I expect that when the count is close enough to 50-50, each individual maximizes their chance of being right if they guess the *opposite* of the color that constitutes the majority (if any) of what they see. —Dan -----Original Message-----

From: James Propp <jamespropp@gmail.com>

(I remember the days of putting in ^L ^L ^L at the top of an email before posting a spoiler. Is there something comparable that works for modern email readers?)

The prisoners can achieve a probability of success exceeding 90% if each person sees which color predominates among the 99 hats that he sees and then guesses that his hat is that same color. This only fails when there's a 50-50 split, which happens about 8% of the time.

I believe that this is best possible, but I don't have even the beginnings of a proof.

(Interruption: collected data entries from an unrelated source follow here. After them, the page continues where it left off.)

section \<open>The q-factor of a product of annihilators\<close>

fun precedes :: "'a list \<Rightarrow> 'a \<Rightarrow> 'a \<Rightarrow> bool" where
  "precedes [] x y = False"
| "precedes (a # L) x y = ((a = x \<and> y \<in> set L) \<or> precedes L x y)"

lemma precedes_filter: "precedes (filter P L) x y \<longleftrightarrow> P x \<and> P y \<and> precedes L x y"
  by (induction L) auto

lemma precedes_append:
  "precedes (A @ B) x y \<longleftrightarrow> precedes A x y \<or> precedes B x y \<or> (x \<in> set A \<and> y \<in> set B)"
  by (induction A) auto

lemma precedes_set: "precedes L x y \<Longrightarrow> x \<in> set L \<and> y \<in> set L"
  by (induction L) auto

lemma precedes_irrefl: "distinct L \<Longrightarrow> \<not> precedes L x x"
  by (induction L) (auto dest: precedes_set)

lemma precedes_asym: "distinct L \<Longrightarrow> precedes L x y \<Longrightarrow> \<not> precedes L y x"
  by (induction L) (auto dest: precedes_set)

lemma precedes_nth:
  "distinct L \<Longrightarrow> i < length L \<Longrightarrow> j < length L \<Longrightarrow> precedes L (L ! i) (L ! j) \<longleftrightarrow> i < j"
proof (induction L arbitrary: i j)
  case (Cons a L)
  then show ?case
    by (cases i; cases j) (auto dest: precedes_set)
qed simp

lemma annih_basis_vec_split:
  assumes "distinct (a @ k # b)"
  shows "annih q k (basis_vec (a @ k # b)) = (\<lambda>w. q ^ length b * basis_vec (a @ b) w)"
proof
  fix w
  have split_iff: "take j w @ k # drop j w = a @ k # b \<longleftrightarrow> j = length a \<and> w = a @ b"
    if "j \<le> length w" for j
  proof
    assume split: "take j w @ k # drop j w = a @ k # b"
    then have "distinct (take j w @ k # drop j w)"
      using assms by simp
    then have "k \<notin> set (take j w)" "k \<notin> set (drop j w)"
      by auto
    then have "take j w = a \<and> drop j w = b"
      using split append_Cons_eq_iff by metis
    then show "j = length a \<and> w = a @ b"
      using that by (metis append_take_drop_id length_take min.absorb2)
  qed simp
  have "annih q k (basis_vec (a @ k # b)) w
      = (\<Sum>j\<le>length w. if j = length a \<and> w = a @ b then q ^ (length w - j) else 0)"
    unfolding annih_def basis_vec_def by (rule sum.cong) (use split_iff in auto)
  also have "\<dots> = q ^ length b * basis_vec (a @ b) w"
    by (auto simp: basis_vec_def)
  finally show "annih q k (basis_vec (a @ k # b)) w = q ^ length b * basis_vec (a @ b) w" .
qed

lemma annih_basis_vec:
  assumes "distinct U"
  shows "annih q k (basis_vec U) = (\<lambda>w. (if k \<in> set U then q ^ card {y. precedes U k y} else 0)
    * basis_vec (filter (\<lambda>x. x \<noteq> k) U) w)"
proof (cases "k \<in> set U")
  case True
  then obtain a b where U: "U = a @ k # b"
    by (meson split_list)
  moreover have "filter (\<lambda>x. x \<noteq> k) a = a" "filter (\<lambda>x. x \<noteq> k) b = b"
    using assms U by (auto simp: filter_id_conv)
  ultimately have "filter (\<lambda>x. x \<noteq> k) U = a @ b" and "{y. precedes U k y} = set b"
    using assms by (auto simp: precedes_append dest: precedes_set)
  then show ?thesis
    using annih_basis_vec_split assms True U by (simp add: distinct_card)
next
  case False
  then show ?thesis
    by (auto simp: annih_def basis_vec_def fun_eq_iff intro!: sum.neutral)
qed

text \<open>A pair (x, y) is counted when y still stands to the right of x at the moment a(x) acts;
  in \<^term>\<open>foldr (annih q) ks\<close> the last entry of ks acts first.\<close>

definition annih_exponent :: "'a list \<Rightarrow> 'a list \<Rightarrow> nat" where
  "annih_exponent K ks =
    card {(x, y). x \<in> set ks \<and> precedes K x y \<and> (y \<notin> set ks \<or> precedes ks y x)}"

lemma annih_exponent_Cons:
  assumes "distinct K" and "k \<notin> set ks"
  shows "annih_exponent K (k # ks) = card {y. y \<notin> set ks \<and> precedes K k y} + annih_exponent K ks"
proof -
  let ?new = "Pair k ` {y. y \<notin> set ks \<and> precedes K k y}"
  let ?old = "{(x, y). x \<in> set ks \<and> precedes K x y \<and> (y \<notin> set ks \<or> precedes ks y x)}"
  have split: "{(x, y). x \<in> set (k # ks) \<and> precedes K x y \<and> (y \<notin> set (k # ks) \<or> precedes (k # ks) y x)}
      = ?new \<union> ?old"
    using assms by (auto dest: precedes_set simp: precedes_irrefl)
  have "finite ?old"
    by (rule finite_subset[of _ "set K \<times> set K"]) (auto dest: precedes_set)
  moreover have "finite ?new"
    by (rule finite_subset[of _ "set K \<times> set K"]) (auto dest: precedes_set)
  moreover have "?new \<inter> ?old = {}"
    using assms(2) by auto
  ultimately show ?thesis
    unfolding annih_exponent_def split by (simp add: card_Un_disjoint card_image inj_on_def)
qed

On Sun, Jun 18, 2017 at 1:42 PM, Thane Plambeck <tplambeck@gmail.com> wrote:

...

(1) (via Peter Winkler) Here's a (seemingly) new hat puzzle for you:

100 prisoners will be fitted with red or blue hats according to fair coinflips. Then the lights are turned on; each prisoner sees every other hat color and must write down a guess for his own. If a majority (at least 51) get their own hat color right, all the prisoners will be freed.

As usual the prisoners can't communicate once the hats are placed, but have time to strategize beforehand. Can they achieve a 90% probability of being freed? How about 95%?

(2) (Johan Wästlund) I'll just throw in here a question of (what turns out to be) similar flavor: Suppose you play a type of one-person tic-tac-toe where in every "move" you select a set of unoccupied squares, and then flip a coin to decide whether you get all those squares, or your "opponent" gets them. What winning probability can you achieve?